NYPD Gang Database Can Turn Unsuspecting New Yorkers into Instant Felons

Alice Speri:

Shenery, who had only three nonviolent misdemeanor arrests on his record from when he was a teenager, could have been released that night on his own recognizance with a misdemeanor charge. He had no idea why prosecutors would call him a gang member and strongly denied the accusation.

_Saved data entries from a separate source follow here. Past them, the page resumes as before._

lemma finite_nn_consistent_cover:
  fixes nu :: "'a::{metric_space, second_countable_topology} measure"
  assumes nu_borel: "sets nu = sets borel" and "finite_measure nu"
    and "ess_countable nu (boundary c)" and "0 < \<delta>"
  shows "\<exists>G. finite G \<and> (\<forall>S\<in>G. S \<in> sets borel \<and> nn_consistent c S) \<and> measure nu (- \<Union>G) < \<delta>"
proof -
  interpret finite_measure nu by fact
  obtain C N where C: "countable C" and N: "N \<in> null_sets nu" and bdry: "boundary c = C \<union> N"
    using assms(3) unfolding ess_countable_def by blast
  obtain D :: "'a set" where "countable D" and D_dense: "\<And>U. open U \<Longrightarrow> U \<noteq> {} \<Longrightarrow> \<exists>d\<in>D. d \<in> U"
    using countable_dense_exists by blast
  define cell where "cell j d = margin_nbhd c (1 / Suc j) \<inter> ball d (1 / Suc j / 2)" for j d
  define F where "F = (\<lambda>e. {e}) ` C \<union> (\<Union>j. cell j ` D)"
  have "countable F"
    unfolding F_def using C \<open>countable D\<close> by auto
  have "cell j d \<in> sets borel \<and> nn_consistent c (cell j d)" for j d
    unfolding cell_def
    by (simp only: nn_consistent_margin_nbhd_Int_ball) (auto simp: open_margin_nbhd)
  then have F_cells: "S \<in> sets borel \<and> nn_consistent c S" if "S \<in> F" for S
    using that unfolding F_def by (auto simp: nn_consistent_singleton)
  have "- \<Union>F \<subseteq> N"
  proof
    fix x assume x: "x \<in> - \<Union>F"
    show "x \<in> N"
    proof (cases "x \<in> boundary c")
      case True
      with x show ?thesis
        unfolding F_def bdry by blast
    next
      case False
      then obtain j where j: "x \<in> margin_nbhd c (1 / Suc j)"
        using in_margin_nbhd_if_not_boundary by blast
      obtain d where "d \<in> D" "d \<in> ball x (1 / Suc j / 2)"
        using D_dense[of "ball x (1 / Suc j / 2)"] by auto
      then have "x \<in> cell j d"
        using j by (simp add: cell_def dist_commute)
      with \<open>d \<in> D\<close> x show ?thesis
        unfolding F_def by blast
    qed
  qed
  obtain G where "G \<subseteq> F" "finite G" and G: "measure nu (\<Union>F - \<Union>G) < \<delta>"
    using countable_Union_approx_finite[OF \<open>countable F\<close> _ \<open>0 < \<delta>\<close>] F_cells nu_borel by blast
  have sets_nu: "S \<in> sets nu" if "S \<in> sets borel" for S
    using that nu_borel by simp
  have "\<Union>F \<in> sets nu"
    using \<open>countable F\<close> F_cells sets_nu by (intro sets.countable_Union) auto
  have "\<Union>G \<in> sets nu"
    using \<open>finite G\<close> \<open>G \<subseteq> F\<close> F_cells sets_nu by (intro sets.finite_Union) auto
  have "- \<Union>G \<subseteq> (\<Union>F - \<Union>G) \<union> N"
    using \<open>- \<Union>F \<subseteq> N\<close> by blast
  then have "measure nu (- \<Union>G) \<le> measure nu ((\<Union>F - \<Union>G) \<union> N)"
    using \<open>\<Union>F \<in> sets nu\<close> \<open>\<Union>G \<in> sets nu\<close> N by (intro finite_measure_mono) auto
  also have "\<dots> = measure nu (\<Union>F - \<Union>G)"
    using \<open>\<Union>F \<in> sets nu\<close> \<open>\<Union>G \<in> sets nu\<close> N by (intro measure_Un_null_set) auto
  finally show ?thesis
    using G \<open>finite G\<close> \<open>G \<subseteq> F\<close> F_cells by (intro exI[of _ G]) auto
qed

lemma finite_nn_consistent_cover_dominated:
  fixes nu :: "'a::{metric_space, second_countable_topology} measure"
  assumes nu_borel: "sets nu = sets borel" and "finite_measure nu"
    and "ess_countable nu (boundary c)" and "unif_dominates nu Mf" and "0 < \<epsilon>"
  shows "\<exists>G. finite G \<and> (\<forall>S\<in>G. S \<in> sets borel \<and> nn_consistent c S) \<and> (\<forall>m\<in>Mf. measure m (- \<Union>G) < \<epsilon>)"
proof -
  obtain \<delta> where "0 < \<delta>" and \<delta>: "\<And>A. A \<in> sets nu \<Longrightarrow> measure nu A < \<delta> \<Longrightarrow> \<forall>m\<in>Mf. measure m A < \<epsilon>"
    using assms(4,5) unfolding unif_dominates_def by blast
  obtain G where "finite G" and G: "\<forall>S\<in>G. S \<in> sets borel \<and> nn_consistent c S"
    and G_small: "measure nu (- \<Union>G) < \<delta>"
    using finite_nn_consistent_cover[OF assms(1-3) \<open>0 < \<delta>\<close>] by blast
  have "\<Union>G \<in> sets borel"
    using \<open>finite G\<close> G by (intro sets.finite_Union) auto
  then have "- \<Union>G \<in> sets nu"
    using borel_comp nu_borel by simp
  then show ?thesis
    using \<open>finite G\<close> G \<delta>[OF _ G_small] by (intro exI[of _ G]) simp
qed

lemma card_nn_mistakes_in_cells_le:
  fixes x :: "nat \<Rightarrow> 'a::metric_space" and nn :: "nat \<Rightarrow> nat"
  assumes nn_min: "\<And>t \<tau>. 0 < t \<Longrightarrow> \<tau> < t \<Longrightarrow> dist (x t) (x (nn t)) \<le> dist (x t) (x \<tau>)"
    and "finite G" and G: "\<And>S. S \<in> G \<Longrightarrow> nn_consistent c S"
  defines "M \<equiv> {t. 0 < t \<and> x t \<in> \<Union>G \<and> c (x (nn t)) \<noteq> c (x t)}"
  shows "finite M" and "card M \<le> card G"
proof -
  define cell where "cell t = (SOME S. S \<in> G \<and> x t \<in> S)" for t
  have cell: "cell t \<in> G \<and> x t \<in> cell t" if "t \<in> M" for t
  proof -
    have "\<exists>S. S \<in> G \<and> x t \<in> S"
      using that by (auto simp: M_def)
    then show ?thesis
      unfolding cell_def by (rule someI_ex)
  qed
  have no_revisit: False if "t1 \<in> M" "t2 \<in> M" "t1 < t2" "cell t1 = cell t2" for t1 t2
  proof -
    have "0 < t2" "c (x (nn t2)) \<noteq> c (x t2)"
      using that(2) by (auto simp: M_def)
    moreover have "dist (x t2) (x (nn t2)) \<le> dist (x t2) (x t1)"
      using nn_min \<open>0 < t2\<close> \<open>t1 < t2\<close> by blast
    ultimately show False
      using G cell[OF that(1)] cell[OF that(2)] that(4) unfolding nn_consistent_def by metis
  qed
  have "inj_on cell M"
    by (rule inj_onI) (metis no_revisit linorder_neqE_nat)
  moreover have "cell ` M \<subseteq> G"
    using cell by blast
  ultimately show "finite M" and "card M \<le> card G"
    using \<open>finite G\<close> by (auto intro: inj_on_finite card_inj_on_le)
qed

lemma sum_nn_loss_le:
  fixes x :: "nat \<Rightarrow> 'a::metric_space" and nn :: "nat \<Rightarrow> nat"
    and loss :: "'a \<Rightarrow> 'b \<Rightarrow> 'b \<Rightarrow> real"
  assumes loss_nonneg: "\<And>x y y'. 0 \<le> loss x y y'" and loss_le: "\<And>x y y'. loss x y y' \<le> B"
    and loss_zero: "\<And>x y. loss x y y = 0"
    and nn_min: "\<And>t \<tau>. 0 < t \<Longrightarrow> \<tau> < t \<Longrightarrow> dist (x t) (x (nn t)) \<le> dist (x t) (x \<tau>)"
    and "finite G" and "\<And>S. S \<in> G \<Longrightarrow> nn_consistent c S"
  shows "(\<Sum>t<T. loss (x t) (c (x t)) (if t = 0 then y0 else c (x (nn t))))
     \<le> B * (1 + real (card G) + (\<Sum>t<T. indicator (- \<Union>G) (x t)))"
proof -
  define M where "M = {t. 0 < t \<and> x t \<in> \<Union>G \<and> c (x (nn t)) \<noteq> c (x t)}"
  have "finite M" "card M \<le> card G"
    unfolding M_def using card_nn_mistakes_in_cells_le[where x=x and nn=nn, OF nn_min assms(5,6)] by blast+
  have "0 \<le> B"
    using loss_nonneg loss_le order_trans by blast
  have loss_le_indicators: "loss (x t) (c (x t)) (if t = 0 then y0 else c (x (nn t)))
      \<le> B * (indicator {0} t + indicator (- \<Union>G) (x t) + indicator M t)" for t
  proof (cases "t = 0 \<or> x t \<notin> \<Union>G \<or> t \<in> M")
    case True
    then have "1 \<le> indicator {0} t + indicator (- \<Union>G) (x t) + (indicator M t :: real)"
      by (auto simp: indicator_def)
    then show ?thesis
      using loss_le \<open>0 \<le> B\<close> by (metis mult.right_neutral mult_left_mono order_trans)
  next
    case False
    then show ?thesis
      using loss_zero \<open>0 \<le> B\<close> by (auto simp: M_def)
  qed
  have "(\<Sum>t<T. loss (x t) (c (x t)) (if t = 0 then y0 else c (x (nn t))))
      \<le> B * ((\<Sum>t<T. indicator {0} t) + (\<Sum>t<T. indicator (- \<Union>G) (x t)) + (\<Sum>t<T. indicator M t))"
  proof -
    have "(\<Sum>t<T. loss (x t) (c (x t)) (if t = 0 then y0 else c (x (nn t))))
        \<le> (\<Sum>t<T. B * (indicator {0} t + indicator (- \<Union>G) (x t) + indicator M t))"
      using loss_le_indicators by (rule sum_mono)
    also have "\<dots> = B * ((\<Sum>t<T. indicator {0} t) + (\<Sum>t<T. indicator (- \<Union>G) (x t))
        + (\<Sum>t<T. indicator M t))"
      by (simp only: sum.distrib flip: sum_distrib_left)
    finally show ?thesis .
  qed
  moreover have "(\<Sum>t<T. indicator {0} t :: real) \<le> 1"
    by (cases T) (simp_all add: indicator_def)
  moreover have "(\<Sum>t<T. indicator M t :: real) \<le> card G"
  proof -
    have "(\<Sum>t<T. indicator M t :: real) = card ({..<T} \<inter> M)"
      by (simp add: indicator_def)
    then show ?thesis
      using card_mono[OF \<open>finite M\<close>, of "{..<T} \<inter> M"] \<open>card M \<le> card G\<close> by simp
  qed
  ultimately show ?thesis
    using \<open>0 \<le> B\<close> by (smt (verit) mult_left_mono)
qed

But as his case has dragged in court for nearly two years, prosecutors labeled him a gang member over and over — telling a judge, but providing no evidence, that he belonged to Harlem’s Cash Money Boys, “a violent narcotic sale crew based out of 1990 Lenox,” according to court files.

More than a year after his April 21, 2017, arrest, Shenery learned that prosecutors appeared to be basing their accusation on his inclusion in a database of more than 42,000 New Yorkers that the New York Police Department considers as “gang members.”

As The Intercept has reported, the NYPD’s gang database was massively expanded in recent years, even as gang-related crime dropped to historic lows. The information on the secretive list is available to prosecutors but not to those named in the database, who often learn that the police have labeled them gang members only if they are arrested and slammed with inexplicably harsh charges or excessive bond. The database has been widely criticized as arbitrary, discriminatory, and over-inclusive — with no clear process in place to discover or challenge one’s alleged gang affiliation. Like Shenery, an overwhelming majority of people in the database are young black and Latino men.